2027年に向けて「スーパーエルニーニョ」が発生する確率が高まっており、世界の一部地域で気温が上昇し、電力需要の急増、農作物の収量低下、インフレ圧力の再燃につながる可能性がある。これにより中央銀行の先行き見通しが複雑化し、史上最高値圏で推移する世界の株式市場にリスクをもたらしかねない。
「エルニーニョは特に敏感な時期に到来する」と、サクソバンクのコモディティ戦略責任者オーレ・ハンセン氏は述べた。「世界経済はイラン紛争によるインフレの影響にいまだ対応中であり、数カ月にわたる混乱でサプライチェーンも依然として脆弱な状態にある。
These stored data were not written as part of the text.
(* Let $n\ge3$ and $R$ an associative ring with identity. Then $E_n(R)$ is normally generated by a subgroup isomorphic to $A_{n+1}$, namely the image of $A_{n+1}<\mathrm{SAut}(F_n)$ under $\mathrm{SAut}(F_n)\to\mathrm{SL}_n(\mathbb{Z})=E_n(\mathbb{Z})\to E_n(R)$, the last map induced by the ring map $\mathbb{Z}\to R$.
   Context: $E_n(R)$ is the subgroup of $\mathrm{GL}_n(R)$ generated by the elementary matrices $e_{ij}(r)$ ($1\le i\ne j\le n$, $r\in R$) with $1$'s on the diagonal, $r$ at $(i,j)$, zeros elsewhere. The subgroup $A_{n+1}<\mathrm{SAut}(F_n)$: with $F_n=\langle a_1,\dots,a_n\rangle$, $\sigma_{ij}$ ($1\le i\ne j\le n$) swaps $a_i,a_j$, and $\sigma_{i,n+1}$ sends $a_i\mapsto a_i^{-1}$, $a_j\mapsto a_ja_i^{-1}$ ($j\neq i$); these generate $S_{n+1}$ and $A_{n+1}$ is its even part. The map $\mathrm{SAut}(F_n)\to\mathrm{SL}_n(\mathbb{Z})$ is induced by the action on $F_n^{ab}=\mathbb{Z}^n$, and it is injective on this $A_{n+1}$. *)

theory Defs
  imports "Jordan_Normal_Form.Matrix"
begin

definition elem_mat :: "nat \<Rightarrow> nat \<Rightarrow> nat \<Rightarrow> 'a::ring_1 \<Rightarrow> 'a mat" where
  "elem_mat n i j r = mat n n (\<lambda>(k,l). if k = l then 1 else if k = i \<and> l = j then r else 0)"

definition elem_gens :: "nat \<Rightarrow> 'a::ring_1 mat set" where
  "elem_gens n = {elem_mat n i j r | i j r. i < n \<and> j < n \<and> i \<noteq> j}"

definition is_inv_mat :: "nat \<Rightarrow> 'a::ring_1 mat \<Rightarrow> 'a mat \<Rightarrow> bool" where
  "is_inv_mat n A B \<longleftrightarrow> B \<in> carrier_mat n n \<and> A * B = 1\<^sub>m n \<and> B * A = 1\<^sub>m n"

inductive_set gen_subgroup :: "nat \<Rightarrow> 'a::ring_1 mat set \<Rightarrow> 'a mat set"
  for n :: nat and S :: "'a mat set" where
  gen_one: "1\<^sub>m n \<in> gen_subgroup n S"
| gen_gen: "s \<in> S \<Longrightarrow> s \<in> gen_subgroup n S"
| gen_mult: "x \<in> gen_subgroup n S \<Longrightarrow> y \<in> gen_subgroup n S \<Longrightarrow> x * y \<in> gen_subgroup n S"
| gen_inv: "x \<in> gen_subgroup n S \<Longrightarrow> is_inv_mat n x y \<Longrightarrow> y \<in> gen_subgroup n S"

definition E_group :: "nat \<Rightarrow> 'a::ring_1 mat set" where
  "E_group n = gen_subgroup n (elem_gens n)"

definition normal_closure :: "nat \<Rightarrow> 'a::ring_1 mat set \<Rightarrow> 'a mat set \<Rightarrow> 'a mat set" where
  "normal_closure n G H =
     gen_subgroup n {g * h * g' | g h g'. g \<in> G \<and> h \<in> H \<and> is_inv_mat n g g'}"

text \<open>Integer matrices (images in SL_n(Z) = GL(F_n^ab)) of the generators sigma_ij of
  S_{n+1} < Aut(F_n).  Indices 0..n-1 correspond to a_1..a_n, index n to n+1.
  Convention: column l of the matrix of phi is the abelianisation of phi(a_l),
  so that composition of automorphisms corresponds to matrix product.\<close>

definition sigma_swap :: "nat \<Rightarrow> nat \<Rightarrow> nat \<Rightarrow> int mat" where
  "sigma_swap n i j = mat n n (\<lambda>(k,l).
      if k = (if l = i then j else if l = j then i else l) then 1 else 0)"

text \<open>sigma_{i,n+1}: a_i |-> a_i^{-1}, a_l |-> a_l a_i^{-1} (l ~= i).\<close>
definition sigma_last :: "nat \<Rightarrow> nat \<Rightarrow> int mat" where
  "sigma_last n i = mat n n (\<lambda>(k,l).
      if l = i then (if k = i then -1 else 0)
      else (if k = l then 1 else 0) - (if k = i then 1 else 0))"
(* Let $\mathscr F$ be a universally separable class of functions $\Omega\to[0,1]$, $\varepsilon>0$ and $d\in\mathbb N$. The following are equivalent: (1) $\mathrm{fat}_\varepsilon(\mathscr F\,\mathrm{mod}\,\omega_1)\le d$; (2) there is a countable set $N\subseteq\Omega$ such that $\mathrm{fat}_\varepsilon(\mathscr F\restriction(\Omega\setminus N))\le d$.
   Context: $\mathscr F$ is universally separable if it has a countable subfamily $\mathscr F'$ such that every $f\in\mathscr F$ is a pointwise limit of a sequence from $\mathscr F'$. A finite $A\subseteq X$ is $\varepsilon$-fat shattered by $\mathscr F$ if there is $h:A\to[0,1]$ such that for every $B\subseteq A$ some $f_B\in\mathscr F$ has $f_B(a)>h(a)+\varepsilon$ for $a\in B$ and $f_B(a)<h(a)-\varepsilon$ for $a\in A\setminus B$; $\mathrm{fat}_\varepsilon(\mathscr F\restriction X)$ is the supremum of sizes of such $A\subseteq X$. $\mathrm{fat}_\varepsilon(\mathscr F\,\mathrm{mod}\,\omega_1)$ is the supremum of $n$ for which there exist uncountable $A_1,\dots,A_n\subseteq\Omega$ and $h:\{1,\dots,n\}\to[0,1]$ such that for every $J\subseteq\{1,\dots,n\}$ there is $f_J\in\mathscr F$ with $f_J(x)>h(i)+\varepsilon$ whenever $i\in J$, $x\in A_i$, and $f_J(x)<h(i)-\varepsilon$ whenever $i\notin J$, $x\in A_i$. *)

theory Defs
  imports "HOL-Analysis.Analysis" "HOL-Library.Extended_Nat"
begin

text \<open>The ground set \<Omega> is the universe of the type 'a; a class of functions is a set
  of functions 'a \<Rightarrow> real.\<close>

definition universally_separable :: "('a \<Rightarrow> real) set \<Rightarrow> bool" where
  "universally_separable F \<longleftrightarrow>
     (\<exists>F'. F' \<subseteq> F \<and> countable F' \<and>
        (\<forall>f\<in>F. \<exists>s :: nat \<Rightarrow> 'a \<Rightarrow> real. (\<forall>n. s n \<in> F') \<and>
                   (\<forall>x. (\<lambda>n. s n x) \<longlonglongrightarrow> f x)))"

definition fat_shattered :: "('a \<Rightarrow> real) set \<Rightarrow> real \<Rightarrow> 'a set \<Rightarrow> bool" where
  "fat_shattered F \<epsilon> A \<longleftrightarrow> finite A \<and>
     (\<exists>h :: 'a \<Rightarrow> real. (\<forall>a\<in>A. 0 \<le> h a \<and> h a \<le> 1) \<and>
        (\<forall>B\<subseteq>A. \<exists>f\<in>F. (\<forall>a\<in>B. f a > h a + \<epsilon>) \<and> (\<forall>a\<in>A - B. f a < h a - \<epsilon>)))"

definition fat_on :: "('a \<Rightarrow> real) set \<Rightarrow> real \<Rightarrow> 'a set \<Rightarrow> enat" where
  "fat_on F \<epsilon> X = Sup {enat (card A) | A. A \<subseteq> X \<and> fat_shattered F \<epsilon> A}"

definition fat_mod_omega1 :: "('a \<Rightarrow> real) set \<Rightarrow> real \<Rightarrow> enat" where
  "fat_mod_omega1 F \<epsilon> = Sup {enat n | n.
     \<exists>(A :: nat \<Rightarrow> 'a set) (h :: nat \<Rightarrow> real).
       (\<forall>i\<in>{1..n}. uncountable (A i) \<and> 0 \<le> h i \<and> h i \<le> 1) \<and>
       (\<forall>J\<subseteq>{1..n}. \<exists>f\<in>F. \<forall>i\<in>{1..n}. \<forall>x\<in>A i.
          (i \<in> J \<longrightarrow> f x > h i + \<epsilon>) \<and> (i \<notin> J \<longrightarrow> f x < h i - \<epsilon>))}"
」
エルニーニョとは、太平洋の海面水温が持続的に上昇することで生じる気象パターンである。これにより、世界の一部では高気圧・低気圧のパターンが形成され、豪雨や干ばつをもたらす。米国気候予測センターによると、2027年に向けて非常に強いイベント、いわゆる「スーパーエルニーニョ」へと発展する確率は63%とされている。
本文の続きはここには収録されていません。